**Task details**
All lines holding the word "every" are to be copied from the records beneath.

-------- Input material

(* Let $P\subseteq\mathbb{R}^d$ be a $d$-dimensional polytope and let $v_1,\dots,v_k$ be Fine core normals of $P$. Let $v=\sum_{i=1}^k\lambda_i v_i\in(\mathbb{Z}^d)^*$ with $\lambda_1,\dots,\lambda_k\ge 0$, $\sum_{i=1}^k\lambda_i\le 1$ and $v\neq 0$. Then $v$ is also a Fine core normal of $P$.
   Context: For a $d$-dimensional rational polytope $P\subseteq\mathbb{R}^d$ and $a\in(\mathbb{Z}^d)^*$ let $h_P(a)=\min_{x\in P}\langle a,x\rangle$. For $s>0$ the Fine adjoint polytope is $P^{F(s)}=\{x\in\mathbb{R}^d : \langle a,x\rangle\ge h_P(a)+s \text{ for all } a\in(\mathbb{Z}^d)^*\setminus\{0\}\}$. The Fine $\mathbb{Q}$-codegree is $\mu^F(P)=(\sup\{s>0 : P^{F(s)}\neq\emptyset\})^{-1}$, the Fine number is $n^F(P)=1/\mu^F(P)$, and the Fine core is $\operatorname{core}^F(P)=P^{F(n^F(P))}$. A Fine core normal of $P$ is a nonzero $a\in(\mathbb{Z}^d)^*$ with $\langle a,y\rangle=h_P(a)+n^F(P)$ for all $y\in\operatorname{core}^F(P)$. *)

theory Defs
  imports "HOL-Analysis.Analysis"
begin

text \<open>Integer (dual) lattice vectors (Z^d)^*, identified with integer vectors in R^d via the
  standard inner product.\<close>
definition int_vec :: "real^'n \<Rightarrow> bool" where
  "int_vec a \<longleftrightarrow> (\<forall>i. a $ i \<in> \<int>)"

definition support_h :: "(real^'n) set \<Rightarrow> real^'n \<Rightarrow> real" where
  "support_h P a = Inf ((\<lambda>x. a \<bullet> x) ` P)"

definition fine_adjoint :: "(real^'n) set \<Rightarrow> real \<Rightarrow> (real^'n) set" where
  "fine_adjoint P s = {x. \<forall>a. int_vec a \<and> a \<noteq> 0 \<longrightarrow> a \<bullet> x \<ge> support_h P a + s}"

definition fine_codegree :: "(real^'n) set \<Rightarrow> real" where
  "fine_codegree P = inverse (Sup {s. s > 0 \<and> fine_adjoint P s \<noteq> {}})"

definition fine_number :: "(real^'n) set \<Rightarrow> real" where
  "fine_number P = 1 / fine_codegree P"

definition fine_core :: "(real^'n) set \<Rightarrow> (real^'n) set" where
  "fine_core P = fine_adjoint P (fine_number P)"

definition fine_core_normal :: "(real^'n) set \<Rightarrow> real^'n \<Rightarrow> bool" where
  "fine_core_normal P a \<longleftrightarrow> int_vec a \<and> a \<noteq> 0 \<and>
     (\<forall>y\<in>fine_core P. a \<bullet> y = support_h P a + fine_number P)"

end

theory Submission
  imports Defs
begin

(* Let v = sum lam_i v_i. For y in the Fine core, each core normal v_i satisfies v_i . y = h(v_i) + n, hence
   v . y = sum lam_i h(v_i) + (sum lam_i) n. The support function h is superadditive and positively
   homogeneous and the Fine number n is positive, so v . y <= h(v) + n; the reverse inequality
   holds for every nonzero integer vector by definition of the core. *)

lemma support_h_le_inner:
  assumes "bounded P" and "x \<in> P"
  shows "support_h P a \<le> a \<bullet> x"
proof -
  have "bdd_below ((\<lambda>x. x \<bullet> a) ` P)"
    using assms(1) by (rule bounded_inner_imp_bdd_below)
  then show ?thesis
    unfolding support_h_def using assms(2) by (auto simp: inner_commute intro: cInf_lower)
qed

lemma sum_scaleR_support_h_le:
  assumes "bounded P" and "P \<noteq> {}" and "\<And>i. i \<in> I \<Longrightarrow> lam i \<ge> 0"
  shows "(\<Sum>i\<in>I. lam i * support_h P (vs i)) \<le> support_h P (\<Sum>i\<in>I. lam i *\<^sub>R vs i)"
  unfolding support_h_def[of P "\<Sum>i\<in>I. lam i *\<^sub>R vs i"]
proof (rule cInf_greatest)
  show "(\<lambda>x. (\<Sum>i\<in>I. lam i *\<^sub>R vs i) \<bullet> x) ` P \<noteq> {}"
    using assms(2) by blast
next
  fix m assume "m \<in> (\<lambda>x. (\<Sum>i\<in>I. lam i *\<^sub>R vs i) \<bullet> x) ` P"
  then obtain x where "x \<in> P" and m: "m = (\<Sum>i\<in>I. lam i * (vs i \<bullet> x))"
    by (auto simp: inner_sum_left)
  have "(\<Sum>i\<in>I. lam i * support_h P (vs i)) \<le> (\<Sum>i\<in>I. lam i * (vs i \<bullet> x))"
    using assms(3) support_h_le_inner[OF assms(1) \<open>x \<in> P\<close>]
    by (intro sum_mono mult_left_mono) auto
  then show "(\<Sum>i\<in>I. lam i * support_h P (vs i)) \<le> m"
    using m by simp
qed

lemma full_dim_inner_constant_imp_zero:
  fixes P :: "'a::euclidean_space set"
  assumes "aff_dim P = DIM('a)" and "\<And>x. x \<in> P \<Longrightarrow> a \<bullet> x = c"
  shows "a = 0"
proof -
  have "UNIV = affine hull P"
    using assms(1) aff_dim_eq_full by blast
  also have "\<dots> \<subseteq> {x. a \<bullet> x = c}"
    using assms(2) affine_hyperplane by (intro hull_minimal) auto
  finally have "a \<bullet> x = c" for x
    by blast
  then show ?thesis
    by (metis inner_eq_zero_iff inner_zero_right)
qed

lemma fine_core_inner_ge:
  assumes "y \<in> fine_core P" and "int_vec a" and "a \<noteq> 0"
  shows "support_h P a + fine_number P \<le> a \<bullet> y"
  using assms unfolding fine_core_def fine_adjoint_def by blast

(* If the Fine number were not positive, every point of P would lie in the core, so a core
   normal would be constant on the full-dimensional P. *)

lemma fine_number_pos:
  fixes P :: "(real^'n) set"
  assumes "bounded P" and "aff_dim P = int CARD('n)" and "fine_core_normal P a"
  shows "fine_number P > 0"
proof (rule ccontr)
  assume "\<not> fine_number P > 0"
  then have "P \<subseteq> fine_core P"
    using support_h_le_inner[OF assms(1)]
    unfolding fine_core_def fine_adjoint_def by (fastforce intro: add_decreasing2)
  then have "a \<bullet> x = support_h P a + fine_number P" if "x \<in> P" for x
    using assms(3) that unfolding fine_core_normal_def by blast
  then have "a = 0"
    using assms(2) by (intro full_dim_inner_constant_imp_zero) auto
  then show False
    using assms(3) unfolding fine_core_normal_def by blast
qed

theorem mainTheorem3:
  fixes P :: "(real^'n) set" and k :: nat
    and vs :: "nat \<Rightarrow> real^'n" and lam :: "nat \<Rightarrow> real"
  assumes "polytope P" and "aff_dim P = int CARD('n)"
    and "\<And>i. i < k \<Longrightarrow> fine_core_normal P (vs i)"
    and "\<And>i. i < k \<Longrightarrow> lam i \<ge> 0"
    and "(\<Sum>i<k. lam i) \<le> 1"
    and "int_vec (\<Sum>i<k. lam i *\<^sub>R vs i)"
    and "(\<Sum>i<k. lam i *\<^sub>R vs i) \<noteq> 0"
  shows "fine_core_normal P (\<Sum>i<k. lam i *\<^sub>R vs i)"
proof -
  define v where "v = (\<Sum>i<k. lam i *\<^sub>R vs i)"
  define n where "n = fine_number P"
  have "bounded P" and "P \<noteq> {}"
    using assms(1,2) polytope_imp_bounded by auto
  have "0 < k"
    using assms(7) by (cases k) auto
  then have "n > 0"
    unfolding n_def using fine_number_pos[OF \<open>bounded P\<close> assms(2) assms(3)] by blast
  have "v \<bullet> y = support_h P v + n" if "y \<in> fine_core P" for y
  proof (rule antisym)
    have "vs i \<bullet> y = support_h P (vs i) + n" if "i < k" for i
      using assms(3)[OF that] \<open>y \<in> fine_core P\<close> unfolding fine_core_normal_def n_def by blast
    then have "v \<bullet> y = (\<Sum>i<k. lam i * support_h P (vs i)) + (\<Sum>i<k. lam i) * n"
      unfolding v_def by (simp add: inner_sum_left distrib_left sum.distrib sum_distrib_right)
    also have "\<dots> \<le> support_h P v + n"
      using sum_scaleR_support_h_le[OF \<open>bounded P\<close> \<open>P \<noteq> {}\<close>, of "{..<k}" lam vs] assms(4,5)
        \<open>n > 0\<close> unfolding v_def by (simp add: add_mono mult_left_le_one_le)
    finally show "v \<bullet> y \<le> support_h P v + n" .
    show "support_h P v + n \<le> v \<bullet> y"
      using fine_core_inner_ge[OF that] assms(6,7) unfolding v_def n_def by blast
  qed
  then show ?thesis
    unfolding fine_core_normal_def using assms(6,7) unfolding v_def n_def by blast
qed

end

----------------

**Answer box**
   holds for every nonzero integer vector by definition of the core. *)
(* If the Fine number were not positive, every point of P would lie in the core, so a core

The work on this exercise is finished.